Gene Ontology (GO) enrichment analysis is a technique for interpreting sets of genes making use of the Gene Ontology system of classification, in which genes are assigned to a set of predefined bins depending on their functional characteristics. For example, the gene FasR is categorized as being a receptor, involved in apoptosis and located on the plasma membrane.
Researchers performing high-throughput experiments that yield sets of genes (for example, genes that are differentially expressed under different conditions) often want to retrieve a functional profile of that gene set, in order to better understand the underlying biological processes. This can be done by comparing the input gene set with each of the bins (terms) in the GO – a statistical test can be performed for each bin to see if it is enriched for the input genes.
There are a variety of methods for performing a term enrichment using GO. Methods may vary according to the type of statistical test applied, the most common being a Fisher's exact test / hypergeometric test. Some methods make use of Bayesian statistics. There is also variability in the type of correction applied for Multiple comparisons, the most common being Bonferroni correction.
One of the main uses of the GO is to perform enrichment analysis on gene sets. For example, given a set of genes that are up-regulated under certain conditions, an enrichment analysis will find which GO terms are over-represented (or under-represented) using annotations for that gene set.
Users can perform enrichment analyses directly from the home page of the GOC website. This service connects to the analysis tool from the PANTHER Classification System, which is maintained up to date with GO annotations.
Using the GO enrichment analysis tools
1. Paste or type the names of the genes to be analyzed, one per row or separated by a comma. The tool can handle both MOD specific gene names and UniProt IDs (e.g. Rad54 or P38086).
2. Select the GO aspect (molecular function, biological process, cellular component) for our analysis (biological process is default).
3. Select the species our genes come from (Homo sapiens is default).
4. Press the submit button. Note that we will be able to upload a REFERENCE (aka “background”) LIST at a later step.
5. We will be redirected to the results on the PANTHER website. These results are based on enrichment relative the set of all protein-coding genes in the genome we selected in step 3.
6. (optional but HIGHLY RECOMMENDED) Add a custom REFERENCE LIST and re-run the analysis. Press the “change” button on the “Reference list” line of the PANTHER analysis summary at the top of the results page, upload the reference list file, and press the “Launch analysis” button to re-run the analysis. The reference list should be the list of all the genes from which our smaller analysis list was selected.
Interpreting the results table
The results page shows a table that lists significant shared GO terms (or parents of GO terms) used to describe the set of genes that users entered on the previous page, the background frequency, the sample frequency, expected p-value, an indication of over/underrepresentation for each term, and p-value. In addition, the results page displays all the criteria used in the analysis. Any unresolved gene names will be listed on top of the table.
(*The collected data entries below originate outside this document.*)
(* Suppose that $\mathbf{unif}<\mathbf{b}$. Then there exists a nonprincipal filter on $\omega$ which is meager but not Lebesgue measurable (as a subset of $2^\omega$).
   Context: $\mathbf{b}$ is the smallest size of a family of functions in $\omega^\omega$ that is unbounded with respect to eventual domination; $\mathbf{unif}$ is the smallest size of a non-measurable (equivalently, not measure zero) subset of $2^\omega$. A filter on $\omega$ is identified with the set of characteristic functions of its elements, a subset of $2^\omega$, which carries the product topology and the standard product (Lebesgue) measure. *)

theory Defs
  imports "HOL-Analysis.Analysis" "HOL-Probability.Probability"
begin

text \<open>Cantor space 2^omega is the type nat => bool; it carries the product
topology (bool is discrete) via the library instance for function types.\<close>

definition nowhere_dense :: "(nat \<Rightarrow> bool) set \<Rightarrow> bool" where
  "nowhere_dense S \<longleftrightarrow> interior (closure S) = {}"

definition meager :: "(nat \<Rightarrow> bool) set \<Rightarrow> bool" where
  "meager S \<longleftrightarrow> (\<exists>N :: nat \<Rightarrow> (nat \<Rightarrow> bool) set.
      (\<forall>n. nowhere_dense (N n)) \<and> S \<subseteq> (\<Union>n. N n))"

definition coin_measure :: "(nat \<Rightarrow> bool) measure" where
  "coin_measure = PiM UNIV (\<lambda>_::nat. measure_pmf (bernoulli_pmf (1/2)))"
(* Let $\mathbf{X}\in\{0,1\}^{m\times n}$ and let $C\subseteq\mathrm{supp}(\mathbf{X})$ be the vertex set of an odd hole of size $|C|=2k+1$ in $\mathcal{G}(\mathbf{X})$, and suppose $Q:=\mathrm{supp}(\mathbf{X})\setminus C$ is nonempty. Then $i(\mathcal{S}^Q(\mathbf{X}))=k+|Q|$ and $br(\mathcal{S}^Q(\mathbf{X}))=k+1+|Q|$; in particular $\mathcal{S}^Q(\mathbf{X})$ is not firm.
   Context: For a binary matrix $\mathbf{X}$, $\mathrm{supp}(\mathbf{X})=\{(i,j):x_{i,j}=1\}$; a rectangle is a set $I\times J\subseteq\mathrm{supp}(\mathbf{X})$. An isolated set is a subset of $\mathrm{supp}(\mathbf{X})$ no two distinct elements of which lie in a common rectangle; $i(\mathbf{X})$ is its maximum size, and $br(\mathbf{X})$ is the minimum number of rectangles whose union is $\mathrm{supp}(\mathbf{X})$. $\mathbf{X}$ is firm if $i(\mathbf{X}')=br(\mathbf{X}')$ for every submatrix $\mathbf{X}'$ (including $\mathbf{X}$). The rectangle cover graph $\mathcal{G}(\mathbf{X})$ has vertex set $\mathrm{supp}(\mathbf{X})$, two vertices adjacent iff some rectangle contains both. An odd hole is an induced chordless cycle of odd length at least $5$. Stretching: for nonempty $Q=\{(\ell_1,k_1),\dots,(\ell_q,k_q)\}\subseteq\mathrm{supp}(\mathbf{X})$ listed in lexicographic order, $\mathcal{S}^Q(\mathbf{X})$ is the $(m+q)\times(n+q)$ binary matrix whose top-left $m\times n$ block is $\mathbf{X}$, whose entries at $(\ell_t,n+t)$, $(m+t,k_t)$, $(m+t,n+t)$ equal $1$ for each $t\in[q]$, and all of whose other entries are $0$. *)

theory Defs
  imports Main "HOL-Library.Product_Lexorder"
begin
Background frequency is the number of genes annotated to a GO term in the entire background set, while sample frequency is the number of genes annotated to that GO term in the input list.
The symbols + and - indicate over or underrepresentation of a term.
P-value is the probability or chance of seeing at least x number of genes out of the total n genes in the list annotated to a particular GO term, given the proportion of genes in the whole genome that are annotated to that GO Term. That is, the GO terms shared by the genes in the user’s list are compared to the background distribution of annotation. The closer the p-value is to zero, the more significant the particular GO term associated with the group of genes is.